Bank of England raises rates by half-point to tame inflation
The Bank of England raised interest rates by half a percentage point Thursday, marking its biggest interest rate increase in more than 27 years as it seeks to tame accelerating inflation driven by the fallout from Russia’s invasion of Ukraine.
The increase pushes the bank’s key interest rate to 1.75%, the highest since the depths of the global financial crisis in December 2008. Most economists expected the hike after Gov. Andrew Bailey said two weeks ago that the United Kingdom’s central bank would “act forcefully” if the inflation picture worsened.
The Bank of England has been criticized for moving too slowly to combat inflation, which accelerated to a 40-year high of 9.4% in June and has driven a cost-of-living crisis. While the central bank has approved five consecutive rate increases since December, none has been more than a quarter-point.
By contrast, the U.S. Federal Reserve increased its key rate by three-quarters of a point in each of the past two months to a range of 2.25% to 2.5%. Even the European Central Bank’s first increase in 11 years was a larger-than-expected half-point hike last month.
“After a number of central banks across the world have picked up the pace of their tightening cycle, the Bank of England is starting to look like something of a laggard when it comes to raising rates,” said Luke Bartholomew, senior economist at abrdn. “We expect this impression to be somewhat corrected … with the bank hiking interest rates by half a percent.”
The last time the U.K. approved a similar rate increase was December 1994, when interest rate decisions were still made by the government’s treasury chief in consultation with the central bank governor.
Central banks worldwide are struggling to control surging inflation without tipping economies into recession that were just beginning to recover from the coronavirus pandemic. Higher interest rates raise borrowing costs for consumers, businesses and the government, which tends to reduce spending and ease rising prices. But such moves are also likely to slow economic growth.
The International Monetary Fund last week cut its outlook for global economic growth, citing higher-than-expected inflation, continuing COVID-19 outbreaks in China and further effects from the war in Ukraine. The U.K. economy is likely to expand just 0.5% next year, the slowest growth rate among the world’s advanced economies, the IMF said.
The landscape is especially complicated for central banks because many of the factors driving inflation are beyond their control, particularly food and energy prices that have soared due to uncertainty surrounding Russia’s invasion.
But those external pressures are now becoming embedded in the U.K. economy, with public- and private-sector workers demanding wage increases to prevent inflation from eroding their living standards.
“This explains why at the MPC’s last meeting we adopted language which made clear that if we see signs of greater persistence of inflation, and price and wage setting would be such signs, we will have to act forcefully,” Bailey said in speech last month. “In simple terms, this means that a 50 basis point increase will be among the choices on the table when we next meet.”
The Bank of England predicted Thursday that inflation will reach over 13% in the final three months of the year and remain “very elevated” for much of 2023.
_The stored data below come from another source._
text \<open>Summation by parts: sum the balance equations against \<open>W\<close> and move the shifts
  \<open>n \<mp> e\<^sub>\<kappa>\<close> from \<open>P\<close> onto \<open>W\<close>.\<close>

lemma balance_has_sum_step:
  fixes W :: "(nat \<Rightarrow> nat) \<Rightarrow> real"
  assumes bal: "balance K r P" and nonneg: "\<And>n. n \<in> states K \<Longrightarrow> 0 \<le> P n"
    and summ: "P summable_on states K" and bounded: "\<And>n. n \<in> states K \<Longrightarrow> \<bar>W n\<bar> \<le> B"
  shows "((\<lambda>m. uniformized_step K r W m * P m) has_sum
           (1 + (\<Sum>j=1..K. r j)) * infsum (\<lambda>n. W n * P n) (states K)) (states K)"
proof -
  have "0 \<le> B"
    using bounded[of "\<lambda>_. 0"] by (simp add: states_def)
  define Z where "Z n = of_bool (\<forall>j\<in>{1..K}. n j = 0) * W n" for n
  define U where "U \<kappa> m = r \<kappa> * W (m(\<kappa> := m \<kappa> + 1))" for \<kappa> m
  define D where "D \<kappa> m = of_bool (m \<kappa> \<noteq> 0) * (of_bool (\<forall>j\<in>{1..<\<kappa>}. m j = 0) * W (m(\<kappa> := m \<kappa> - 1)))"
    for \<kappa> m
  define E where "E V = infsum (\<lambda>m. V m * P m) (states K)" for V
  define S where "S = E Z + (\<Sum>\<kappa>=1..K. E (U \<kappa>) + E (D \<kappa>))"
  have has_sum_E: "((\<lambda>m. V m * P m) has_sum E V) (states K)"
    if "\<And>m. m \<in> states K \<Longrightarrow> \<bar>V m\<bar> \<le> C" for V C
    unfolding E_def using summable_on_bounded_weight[OF summ nonneg that] by (rule has_sum_infsum)
  have hZ: "((\<lambda>m. Z m * P m) has_sum E Z) (states K)"
    by (rule has_sum_E[of _ B]) (simp add: Z_def bounded \<open>0 \<le> B\<close>)
  have hU: "((\<lambda>m. U \<kappa> m * P m) has_sum E (U \<kappa>)) (states K)" if \<kappa>: "\<kappa> \<in> {1..K}" for \<kappa>
    by (rule has_sum_E[of _ "\<bar>r \<kappa>\<bar> * B"])
      (auto simp: U_def abs_mult intro!: mult_left_mono bounded fun_upd_in_states \<kappa>)
  have hD: "((\<lambda>m. D \<kappa> m * P m) has_sum E (D \<kappa>)) (states K)" if \<kappa>: "\<kappa> \<in> {1..K}" for \<kappa>
    by (rule has_sum_E[of _ B]) (simp add: D_def \<open>0 \<le> B\<close> bounded fun_upd_in_states[OF _ \<kappa>])
  have step_sum: "((\<lambda>m. uniformized_step K r W m * P m) has_sum S) (states K)"
  proof -
    have "((\<lambda>m. Z m * P m + (\<Sum>\<kappa>=1..K. U \<kappa> m * P m + D \<kappa> m * P m)) has_sum S) (states K)"
      unfolding S_def by (intro has_sum_add has_sum_sum finite_atLeastAtMost hZ) (auto intro: hU hD)
    moreover have "uniformized_step K r W m * P m = Z m * P m + (\<Sum>\<kappa>=1..K. U \<kappa> m * P m + D \<kappa> m * P m)"
      for m
      by (simp add: uniformized_step_def Z_def U_def D_def of_bool_conj sum_distrib_right distrib_right
          mult.assoc)
    ultimately show ?thesis
      by simp
  qed
  have balance_sum: "((\<lambda>n. (1 + (\<Sum>j=1..K. r j)) * (W n * P n)) has_sum S) (states K)"
  proof -
    have "((\<lambda>n. Z n * P n + (\<Sum>\<kappa>=1..K. (r \<kappa> * W n) * p_minus P n \<kappa>
             + (of_bool (\<forall>j\<in>{1..<\<kappa>}. n j = 0) * W n) * p_plus P n \<kappa>)) has_sum S) (states K)"
      unfolding S_def
    proof (intro has_sum_add has_sum_sum finite_atLeastAtMost hZ)
      fix \<kappa> assume \<kappa>: "\<kappa> \<in> {1..K}"
      show "((\<lambda>n. (r \<kappa> * W n) * p_minus P n \<kappa>) has_sum E (U \<kappa>)) (states K)"
        using hU[OF \<kappa>] by (simp add: has_sum_p_minus[OF \<kappa>] U_def)
      show "((\<lambda>n. (of_bool (\<forall>j\<in>{1..<\<kappa>}. n j = 0) * W n) * p_plus P n \<kappa>) has_sum E (D \<kappa>))
          (states K)"
        using hD[OF \<kappa>] unfolding has_sum_p_plus[OF \<kappa>] by (simp add: D_def)
    qed
    moreover have "(1 + (\<Sum>j=1..K. r j)) * (W n * P n) =
        Z n * P n + (\<Sum>\<kappa>=1..K. (r \<kappa> * W n) * p_minus P n \<kappa>
          + (of_bool (\<forall>j\<in>{1..<\<kappa>}. n j = 0) * W n) * p_plus P n \<kappa>)"
      if "n \<in> states K" for n
    proof -
      have "{1..\<kappa> - 1} = {1..<\<kappa>}" for \<kappa> :: nat
        by auto
      then have "(1 + (\<Sum>j=1..K. r j)) * P n = of_bool (\<forall>j\<in>{1..K}. n j = 0) * P n
          + (\<Sum>\<kappa>=1..K. r \<kappa> * p_minus P n \<kappa> + of_bool (\<forall>j\<in>{1..<\<kappa>}. n j = 0) * p_plus P n \<kappa>)"
        using bal that by (simp add: balance_def prod_indicator)
      then have "W n * ((1 + (\<Sum>j=1..K. r j)) * P n) = W n * (of_bool (\<forall>j\<in>{1..K}. n j = 0) * P n
          + (\<Sum>\<kappa>=1..K. r \<kappa> * p_minus P n \<kappa> + of_bool (\<forall>j\<in>{1..<\<kappa>}. n j = 0) * p_plus P n \<kappa>))"
        by (rule arg_cong)
      then show ?thesis
        by (simp only: Z_def sum_distrib_left distrib_left mult_ac)
    qed
    ultimately show ?thesis
      by (subst has_sum_cong) auto
  qed
  have "((\<lambda>n. (1 + (\<Sum>j=1..K. r j)) * (W n * P n)) has_sum (1 + (\<Sum>j=1..K. r j)) * E W) (states K)"
    by (intro has_sum_cmult_right has_sum_E[of _ B] bounded)
  with balance_sum have "S = (1 + (\<Sum>j=1..K. r j)) * E W"
    by (rule has_sum_unique)
  with step_sum show ?thesis
    by (simp add: E_def)
qed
“With gas prices continuing to reach record levels, both households and businesses will see large increases in their energy bills throughout the winter and into 2023,” said Jack Leslie, senior economist at the Resolution Foundation, a think tank focused on the living standards of low- and middle-income families. “How long this high inflation will last is hugely uncertain, but the cost-of-living crisis looks set to last longer and hit households harder than previously anticipated.”
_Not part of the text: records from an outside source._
lemma ecard'_rcos_conjugacy_class_le_index:
  assumes "K \<lhd> G" "g \<in> K" "subgroup C G" "derived G K \<subseteq> C"
  shows "ecard' ((\<lambda>z. C #> z) ` conjugacy_class G g)
           \<le> group_index G (centralizer_of G g <#> K)"
proof -
  let ?H = "centralizer_of G g <#> K"
  have K: "subgroup K G" using assms(1) normal_imp_subgroup by blast
  have "g \<in> carrier G" using assms(2) K subgroup.subset by blast
  then have "\<one> \<in> centralizer_of G g" by (simp add: centralizer_of_def)
  then have "\<one> \<otimes> \<one> \<in> ?H"
    using subgroup.one_closed[OF K] unfolding set_mult_def by blast
  then have one_H: "\<one> \<in> ?H" by simp
  have "y \<in> ?H #> y" if "y \<in> carrier G" for y
  proof -
    have "\<one> \<otimes> y \<in> ?H #> y" using one_H unfolding r_coset_def by blast
    then show ?thesis using that by simp
  qed
  then have cover: "carrier G \<subseteq> \<Union>(rcosets ?H)"
    unfolding RCOSETS_def by blast
  have "(\<lambda>z. C #> z) ` conjugacy_class G g = (\<lambda>y. C #> (inv y \<otimes> g \<otimes> y)) ` carrier G"
    unfolding conjugacy_class_def by (simp add: image_image)
  also have "ecard' \<dots> \<le> ecard' (rcosets ?H)"
  proof (rule ecard'_image_le_of_constant_on_blocks[OF cover])
    fix B y z assume "B \<in> rcosets ?H" "y \<in> B" "z \<in> B"
    then obtain x where "x \<in> carrier G" "y \<in> ?H #> x" "z \<in> ?H #> x"
      unfolding RCOSETS_def by blast
    then show "C #> (inv y \<otimes> g \<otimes> y) = C #> (inv z \<otimes> g \<otimes> z)"
      using rcos_conj_eq_on_rcosets[OF assms] by metis
  qed
  finally show ?thesis unfolding group_index_def .
qed

lemma top_gen_rank_Mod_le_of_dense:
  assumes K: "subgroup K G" and C: "C \<lhd> G\<lparr>carrier := K\<rparr>"
    and "S \<subseteq> K" and dense: "K \<subseteq> T closure_of generate G S"
  shows "top_gen_rank (G\<lparr>carrier := K\<rparr> Mod C)
           (quotient_top (subtopology T K) (\<lambda>x. C #> x) (carrier (G\<lparr>carrier := K\<rparr> Mod C)))
         \<le> ecard' ((\<lambda>x. C #> x) ` S)"
proof -
  define Q where "Q = G\<lparr>carrier := K\<rparr> Mod C"
  define f where "f = (\<lambda>x. C #> x)"
  define Y where "Y = quotient_top (subtopology T K) f (carrier Q)"
  have carrier_Q: "carrier Q = f ` K"
    unfolding Q_def f_def carrier_FactGroup r_coset_carrier_update by simp
  interpret C: normal C "G\<lparr>carrier := K\<rparr>" by (rule C)
  interpret f: group_hom "G\<lparr>carrier := K\<rparr>" Q f
    using C.r_coset_hom_Mod C.factorgroup_is_group C.is_group
    by (simp add: group_hom_def group_hom_axioms_def Q_def f_def r_coset_carrier_update)
  have gen_K: "generate G S \<subseteq> K"
    by (rule generate_subgroup_incl[OF \<open>S \<subseteq> K\<close> K])
  have "generate Q (f ` S) = f ` generate G S"
    using f.generate_img \<open>S \<subseteq> K\<close> generate_consistent[OF \<open>S \<subseteq> K\<close> K] by simp
  moreover have "subtopology T K closure_of generate G S = K"
    using dense gen_K by (auto simp: closure_of_subtopology Int_absorb1)
  moreover have "continuous_map (subtopology T K) Y f"
    unfolding Y_def using dense closure_of_subset_topspace carrier_Q
    by (intro continuous_map_quotient_top) auto
  ultimately have "carrier Q \<subseteq> Y closure_of generate Q (f ` S)"
    using continuous_map_image_closure_subset carrier_Q by metis
  moreover have "topspace Y = carrier Q"
    unfolding Y_def using dense closure_of_subset_topspace carrier_Q
    by (intro topspace_quotient_top) auto
  ultimately have "Y closure_of generate Q (f ` S) = carrier Q"
    using closure_of_subset_topspace[of Y "generate Q (f ` S)"] by (intro subset_antisym) simp_all
  moreover have "f ` S \<subseteq> carrier Q"
    using \<open>S \<subseteq> K\<close> carrier_Q by blast
  ultimately have "top_gen_rank Q Y \<le> ecard' (f ` S)"
    unfolding top_gen_rank_def by (intro INF_lower) auto
  then show ?thesis by (simp add: Q_def Y_def f_def)
qed

end

locale topological_group = group G for G :: "('a, 'b) monoid_scheme" (structure) +
  fixes T :: "'a topology"
  assumes topspace_eq: "topspace T = carrier G"
    and mult_continuous: "continuous_map (prod_topology T T) T (\<lambda>(x, y). x \<otimes> y)"
    and inv_continuous: "continuous_map T T (\<lambda>x. inv x)"

lemma profinite_group_imp_topological_group:
  "profinite_group G T \<Longrightarrow> topological_group G T"
  unfolding profinite_group_def topological_group_def topological_group_axioms_def by auto

context topological_group
begin

lemma continuous_map_mult_fun:
  assumes "continuous_map T T f" and "continuous_map T T h"
  shows "continuous_map T T (\<lambda>y. f y \<otimes> h y)"
proof -
  have "continuous_map T T ((\<lambda>(x, y). x \<otimes> y) \<circ> (\<lambda>y. (f y, h y)))"
    by (intro continuous_map_compose[OF _ mult_continuous] continuous_map_pairedI assms)
  then show ?thesis by (simp add: o_def)
qed

lemma continuous_map_conjugation:
  assumes "x \<in> carrier G"
  shows "continuous_map T T (\<lambda>y. x \<otimes> y \<otimes> inv x)"
  using assms topspace_eq
  by (intro continuous_map_mult_fun continuous_map_id[unfolded id_def] continuous_map_const[THEN iffD2]) auto

lemma subgroup_closure_of:
  assumes "subgroup H G"
  shows "subgroup (T closure_of H) G"
proof (rule subgroupI)
  show "T closure_of H \<subseteq> carrier G"
    using closure_of_subset_topspace[of T H] topspace_eq by simp
  have "H \<subseteq> T closure_of H"
    using closure_of_subset[of H T] subgroup.subset[OF assms] topspace_eq by simp
  then show "T closure_of H \<noteq> {}"
    using subgroup.one_closed[OF assms] by blast
next
  fix a assume "a \<in> T closure_of H"
  then have "inv a \<in> T closure_of ((\<lambda>x. inv x) ` H)"
    using continuous_map_image_closure_subset[OF inv_continuous] by blast
  moreover have "(\<lambda>x. inv x) ` H \<subseteq> H"
    using subgroup.m_inv_closed[OF assms] by blast
  ultimately show "inv a \<in> T closure_of H"
    using closure_of_mono by blast
next
  fix a b assume "a \<in> T closure_of H" and "b \<in> T closure_of H"
  then have "(a, b) \<in> prod_topology T T closure_of (H \<times> H)"
    by (simp add: closure_of_Times)
  then have "a \<otimes> b \<in> T closure_of ((\<lambda>(x, y). x \<otimes> y) ` (H \<times> H))"
    using continuous_map_image_closure_subset[OF mult_continuous] by fastforce
  moreover have "(\<lambda>(x, y). x \<otimes> y) ` (H \<times> H) \<subseteq> H"
    using subgroup.m_closed[OF assms] by auto
  ultimately show "a \<otimes> b \<in> T closure_of H"
    using closure_of_mono by blast
qed

lemma normal_closure_of:
  assumes "H \<lhd> G"
  shows "(T closure_of H) \<lhd> G"
  unfolding normal_inv_iff
proof (intro conjI ballI subgroup_closure_of normal_imp_subgroup[OF assms])
  fix x h assume x: "x \<in> carrier G" and "h \<in> T closure_of H"
  moreover have "(\<lambda>y. x \<otimes> y \<otimes> inv x) ` (T closure_of H)
      \<subseteq> T closure_of ((\<lambda>y. x \<otimes> y \<otimes> inv x) ` H)"
    by (rule continuous_map_image_closure_subset[OF continuous_map_conjugation[OF x]])
  moreover have "(\<lambda>y. x \<otimes> y \<otimes> inv x) ` H \<subseteq> H"
    using assms x normal_inv_iff by blast
  ultimately show "x \<otimes> h \<otimes> inv x \<in> T closure_of H"
    using closure_of_mono by blast
qed

lemma closed_normal_closure_eq:
  assumes "g \<in> carrier G"
  shows "closed_normal_closure G T g = T closure_of generate G (conjugacy_class G g)"
proof -
  let ?N = "generate G (conjugacy_class G g)"
  have N: "?N \<lhd> G" by (rule normal_generate_conjugacy_class[OF assms])
  have "?N \<subseteq> topspace T"
    using subgroup.subset[OF normal_imp_subgroup[OF N]] topspace_eq by simp
  then have "g \<in> T closure_of ?N"
    using closure_of_subset generate.incl[OF self_in_conjugacy_class[OF assms]] by blast
  then have "closed_normal_closure G T g \<subseteq> T closure_of ?N"
    unfolding closed_normal_closure_def using normal_closure_of[OF N] by (intro Inter_lower) simp
  moreover have "T closure_of ?N \<subseteq> H" if "H \<lhd> G" "closedin T H" "g \<in> H" for H
    using closure_of_minimal generate_subgroup_incl conjugacy_class_subset_normal
      normal_imp_subgroup that by metis
  ultimately show ?thesis
    unfolding closed_normal_closure_def by blast
qed

lemma normal_closed_commutator: "K \<lhd> G \<Longrightarrow> closed_commutator G T K \<lhd> G"
  unfolding closed_commutator_def by (intro normal_closure_of derived_is_normal)

lemma derived_subset_closed_commutator:
  "K \<subseteq> carrier G \<Longrightarrow> derived G K \<subseteq> closed_commutator G T K"
  unfolding closed_commutator_def using derived_in_carrier topspace_eq
  by (intro closure_of_subset) simp

lemma closed_commutator_subset:
  "subgroup K G \<Longrightarrow> closedin T K \<Longrightarrow> closed_commutator G T K \<subseteq> K"
  unfolding closed_commutator_def by (intro closure_of_minimal derived_incl) auto

end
But even with all the pressure for a big increase in interest rates, some economists think the Bank of England will remain cautious as it seeks to protect economic growth.
Dean Turner, an economist at UBS Global Wealth Management, said he is sure the bank will raise rates, just not by how much.
“What is a central banker to do?” he asked. “Should they be prioritizing current inflation, most of which is driven by factors beyond the control of the Bank of England, or the faltering growth backdrop? I do not envy them.”